One last electronic barrier is the power. The cleaner the power, the closer you will get to the theoretical ability of your system. The problem seems to be that it is nearly impossible for stuff in the power line to not intermodulate to some degree with the signal through the amplification chain. I have heard some rather startling effects of removing this noise and it is almost spooky. However, for amps it is not always a good solution because of the power draw and the current limiting that most filters/regenerators impose. We have found that for sources a power regenerator is almost indispensible and works better than filters, which reduce but do not eliminate the issue.

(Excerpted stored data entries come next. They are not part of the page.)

lemma superlinear_change_point_sequence:
  fixes a :: "nat \<Rightarrow> nat"
  assumes "filterlim (\<lambda>m. real (a m) / real m) at_top sequentially"
  obtains s where "strict_mono s" "\<And>i. 2 \<le> s i" "\<And>i. C * s i \<le> a (s i)"
    "\<And>i. a (Suc (s i)) \<noteq> a (s i)" "\<And>i. a (s (Suc i)) = a (Suc (s i))"
proof -
  have "eventually (\<lambda>m. 2 \<le> m \<and> C * m \<le> a m) sequentially"
    using eventually_ge_at_top superlinear_eventually_ge[OF assms] by (rule eventually_conj)
  then obtain m1 where m1: "\<And>m. m1 \<le> m \<Longrightarrow> 2 \<le> m \<and> C * m \<le> a m"
    unfolding eventually_sequentially by blast
  have "filterlim a at_top sequentially"
    using superlinear_eventually_ge[OF assms, of 1]
    by (intro filterlim_at_top_mono[OF filterlim_ident]) simp
  then have "\<And>m. \<exists>t>m. a (Suc t) \<noteq> a t" by (rule infinitely_many_changes_if_tendsto_at_top)
  then obtain s where s: "strict_mono s" "m1 < s 0"
    and "\<And>i. a (Suc (s i)) \<noteq> a (s i)" "\<And>i. a (s (Suc i)) = a (Suc (s i))"
    using change_point_sequence[of a m1] by blast
  moreover have "m1 \<le> s i" for i
    using s strict_mono_less_eq[OF s(1), of 0 i] by simp
  ultimately show ?thesis using that m1 by blast
qed

lemma in_pow_ideal_minus_commute: "in_pow_ideal p m (x - y) \<longleftrightarrow> in_pow_ideal p m (y - x)"
  unfolding in_pow_ideal_def by (metis dvd_minus_iff minus_diff_eq)

lemma in_pow_ideal_mono:
  assumes "k \<le> m" "in_pow_ideal p m x"
  shows "in_pow_ideal p k x"
  using assms unfolding in_pow_ideal_def by (meson dvd_trans le_imp_power_dvd)

lemma eventually_not_in_pow_ideal_if_not_in_Zp:
  fixes \<kappa> :: "'a::comm_ring_1"
  assumes "1 < p" "\<not> in_Zp p \<kappa>"
  obtains N0 where "\<And>j M. N0 \<le> j \<Longrightarrow> j < p ^ M \<Longrightarrow> \<not> in_pow_ideal p M (of_nat j - \<kappa>)"
proof -
  obtain m0 where m0: "\<And>n::int. \<not> in_pow_ideal p m0 (\<kappa> - of_int n)"
    using assms(2) unfolding in_Zp_def by blast
  show thesis
  proof (rule that[of "p ^ m0"], rule notI)
    fix j M assume "p ^ m0 \<le> j" "j < p ^ M" and "in_pow_ideal p M (of_nat j - \<kappa>)"
    then have "m0 \<le> M"
      using assms(1) power_less_imp_less_exp[of p m0 M] by linarith
    moreover have "in_pow_ideal p M (\<kappa> - of_int (int j))"
      using \<open>in_pow_ideal p M (of_nat j - \<kappa>)\<close> by (simp add: in_pow_ideal_minus_commute)
    ultimately show False using m0 in_pow_ideal_mono by blast
  qed
qed

locale padic_integers =
  fixes p :: nat and v :: "'a::comm_ring_1 \<Rightarrow> ereal"
  assumes prime: "prime p" and valuation: "padic_valuation_ring p v"
begin

lemma v_eq_infinity_iff: "v x = \<infinity> \<longleftrightarrow> x = 0"
  and v_nonneg: "0 \<le> v x"
  and v_mult: "v (x * y) = v x + v y"
  and v_add: "min (v x) (v y) \<le> v (x + y)"
  and v_p: "v (of_nat p) = 1"
  using valuation unfolding padic_valuation_ring_def by auto
text \<open>Probability under the uniform distribution on matrices with exactly kappa ones.\<close>
definition f :: "nat \<Rightarrow> nat \<Rightarrow> nat \<Rightarrow> real" where
  "f \<beta> \<gamma> \<kappa> = real (card (good_matrices \<beta> \<gamma> \<kappa>)) / real (card (matrices_with_ones \<beta> \<gamma> \<kappa>))"

end

theory Submission
  imports Defs
begin

text \<open>Identify a matrix with the set \<open>S\<close> of its cells equal to 1 and weight \<open>S\<close> by
  \<open>x ^ card S\<close>. Since the condition is imposed row by row, the total weight of the good sets
  factorises as \<open>G x = ((1 + x) ^ \<gamma> - 1 - \<gamma> x) ^ \<beta>\<close>. Good sets form an up-set, so by double
  counting the fraction of good sets among the \<open>k\<close>-sets increases with \<open>k\<close>; splitting the
  weight at size \<open>\<kappa>\<close> gives \<open>G x - (x / y) ^ \<kappa> G y \<le> f \<beta> \<gamma> \<kappa> (1 + x) ^ (\<beta> \<gamma>)\<close> for \<open>x \<le> y\<close>.
  With \<open>\<gamma> x\<close> slightly below \<open>c = \<kappa> / \<beta>\<close> and \<open>y = x (1 + s)\<close> for a suitable small \<open>s\<close>,
  the subtracted term is an \<open>\<epsilon>\<close>-fraction of the main one, and the main term is
  \<open>(1 - h) ^ \<beta>\<close> where \<open>h = (1 + \<gamma> x) / (1 + x) ^ \<gamma> \<approx> (1 + c) exp (- c)\<close> is the chance that
  a row has fewer than two 1's; in the range \<open>\<gamma> < \<beta> < \<gamma> powr (2 - \<delta>)\<close> all the resulting
  errors are absorbed by the term \<open>c ^ 4 exp (- 2 c)\<close>.\<close>

section \<open>Matrices as sets of cells\<close>

lemma sum_power_card_Pow:
  fixes x :: "'b::comm_semiring_1"
  assumes "finite A"
  shows "(\<Sum>S\<in>Pow A. x ^ card S) = (1 + x) ^ card A"
  using prod_add[OF assms, of "\<lambda>_. x" "\<lambda>_. 1"] by (simp add: add.commute)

Of course the best electronics in the world will only help to perserve this delicate information to the speakers/room. Speakers that are either unresponsive or excessively mask critical frequencies (or do both) will often sound truncated...although this can be greatly improved with good electronics choices or greatly worsened by poor choices. Rooms can mask as well but I have been able to get good success in even untreated rooms with directivity controlled speakers.
Where does that leave us? All electronic components in the chain (including power distribution) need to be free from generation of signal modulated "noise" floor. I have heard so many systems where the electronics simply got congested and flat sounding once the music got busy and complex (not even necessarily at high volumes). That confusion and congestion is what one hears when the noise floor has come up to swallow vital sounds that allow us to maintain a precise perception of where the music is coming from.
How do I know it was the electronics? We swapped in much better ones and the whole problem vanished like a morning fog. Clearly the speakers and room were then not to blame. I have heard this almost too many times to count...far more often than moving a same system to another room and hearing the whole thing improve so dramatically. Naturally, attention to the speaker choice and the room setup/treatment will pay dividends and is vital to "getting it right".